(* Let $d\ge2$. For a faithful state $\rho=\rho(\xi)\in\mathcal{S}(\mathbb{C}^d)$ define $$\hat\rho=\log\rho-\frac1d\mathrm{Tr}(\log\rho)\,I,\qquad \hat\xi_i=\frac{\partial}{\partial\xi_i}\mathrm{Tr}(\rho\log\rho)\quad(i=1,\dots,d^2-1).$$ Then (i) $\hat\rho$ is the Hermitian traceless matrix with entries $\hat\rho_{kk}=d\hat\xi_k-\sum_{i=1}^{d-1}\hat\xi_i$ for $k<d$, $\hat\rho_{dd}=-\sum_{i=1}^{d-1}\hat\xi_i$, and $\hat\rho_{jk}=\hat\xi_{a_{jk}}-i\hat\xi_{b_{jk}}$, $\hat\rho_{kj}=\hat\xi_{a_{jk}}+i\hat\xi_{b_{jk}}$ for $j<k$. (ii) Let $\psi(\hat\rho)=\log\big(\mathrm{Tr}\exp\hat\rho\big)$, regarded via (i) as a function of $\hat\xi\in\mathbb{R}^{d^2-1}$, and for faithful $\rho,\sigma$ with dual coordinates $\hat\xi,\hat\eta$ define $$\hat D(\hat\rho\|\hat\sigma)=\psi(\hat\xi)-\psi(\hat\eta)-\langle\hat\xi-\hat\eta,\nabla\psi(\hat\eta)\rangle.$$ Then $D(\rho\|\sigma)=\hat D(\hat\sigma\|\hat\rho)$ for all faithful $\rho,\sigma$, and for faithful $\sigma_1,\sigma_2$ the map $\hat\rho\mapsto\hat D(\hat\rho\|\hat\sigma_1)-\hat D(\hat\rho\|\hat\sigma_2)$ is affine in $\hat\xi$, so the Voronoi diagram with respect to $\hat D$ with sites as second argument is linear.
   Context: $\mathcal{S}(\mathbb{C}^d)$ is the set of $d\times d$ density matrices; faithful means rank $d$. Every Hermitian trace-one matrix is written $\rho(\xi)$, $\xi\in\mathbb{R}^{d^2-1}$, with $\rho_{kk}=(\xi_k+1)/d$ for $k<d$, $\rho_{dd}=(1-\sum_{i=1}^{d-1}\xi_i)/d$, and for $j<k$, $\rho_{jk}=(\xi_{a_{jk}}-i\xi_{b_{jk}})/2$, $\rho_{kj}=\overline{\rho_{jk}}$, where the pairs $(a_{jk},b_{jk})$ are a fixed partition of $\{d,\dots,d^2-1\}$ into pairs. Matrix functions act on eigenvalues. $D(\rho\|\sigma)=\mathrm{Tr}\,\rho(\log\rho-\log\sigma)$; $\langle\cdot,\cdot\rangle$ is the standard inner product on $\mathbb{R}^{d^2-1}$. *)

theory Defs
  imports "Jordan_Normal_Form.Matrix" "Jordan_Normal_Form.DL_Rank" Complex_Main
begin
────────────────────
== EXERCISE AIM ==
Would you transcribe all of the data, keeping each line exact?

== TASK RESULT ==
(* Let $d\ge2$. For a faithful state $\rho=\rho(\xi)\in\mathcal{S}(\mathbb{C}^d)$ define $$\hat\rho=\log\rho-\frac1d\mathrm{Tr}(\log\rho)\,I,\qquad \hat\xi_i=\frac{\partial}{\partial\xi_i}\mathrm{Tr}(\rho\log\rho)\quad(i=1,\dots,d^2-1).$$ Then (i) $\hat\rho$ is the Hermitian traceless matrix with entries $\hat\rho_{kk}=d\hat\xi_k-\sum_{i=1}^{d-1}\hat\xi_i$ for $k<d$, $\hat\rho_{dd}=-\sum_{i=1}^{d-1}\hat\xi_i$, and $\hat\rho_{jk}=\hat\xi_{a_{jk}}-i\hat\xi_{b_{jk}}$, $\hat\rho_{kj}=\hat\xi_{a_{jk}}+i\hat\xi_{b_{jk}}$ for $j<k$. (ii) Let $\psi(\hat\rho)=\log\big(\mathrm{Tr}\exp\hat\rho\big)$, regarded via (i) as a function of $\hat\xi\in\mathbb{R}^{d^2-1}$, and for faithful $\rho,\sigma$ with dual coordinates $\hat\xi,\hat\eta$ define $$\hat D(\hat\rho\|\hat\sigma)=\psi(\hat\xi)-\psi(\hat\eta)-\langle\hat\xi-\hat\eta,\nabla\psi(\hat\eta)\rangle.$$ Then $D(\rho\|\sigma)=\hat D(\hat\sigma\|\hat\rho)$ for all faithful $\rho,\sigma$, and for faithful $\sigma_1,\sigma_2$ the map $\hat\rho\mapsto\hat D(\hat\rho\|\hat\sigma_1)-\hat D(\hat\rho\|\hat\sigma_2)$ is affine in $\hat\xi$, so the Voronoi diagram with respect to $\hat D$ with sites as second argument is linear.
   Context: $\mathcal{S}(\mathbb{C}^d)$ is the set of $d\times d$ density matrices; faithful means rank $d$. Every Hermitian trace-one matrix is written $\rho(\xi)$, $\xi\in\mathbb{R}^{d^2-1}$, with $\rho_{kk}=(\xi_k+1)/d$ for $k<d$, $\rho_{dd}=(1-\sum_{i=1}^{d-1}\xi_i)/d$, and for $j<k$, $\rho_{jk}=(\xi_{a_{jk}}-i\xi_{b_{jk}})/2$, $\rho_{kj}=\overline{\rho_{jk}}$, where the pairs $(a_{jk},b_{jk})$ are a fixed partition of $\{d,\dots,d^2-1\}$ into pairs. Matrix functions act on eigenvalues. $D(\rho\|\sigma)=\mathrm{Tr}\,\rho(\log\rho-\log\sigma)$; $\langle\cdot,\cdot\rangle$ is the standard inner product on $\mathbb{R}^{d^2-1}$. *)

theory Defs
  imports "Jordan_Normal_Form.Matrix" "Jordan_Normal_Form.DL_Rank" Complex_Main
begin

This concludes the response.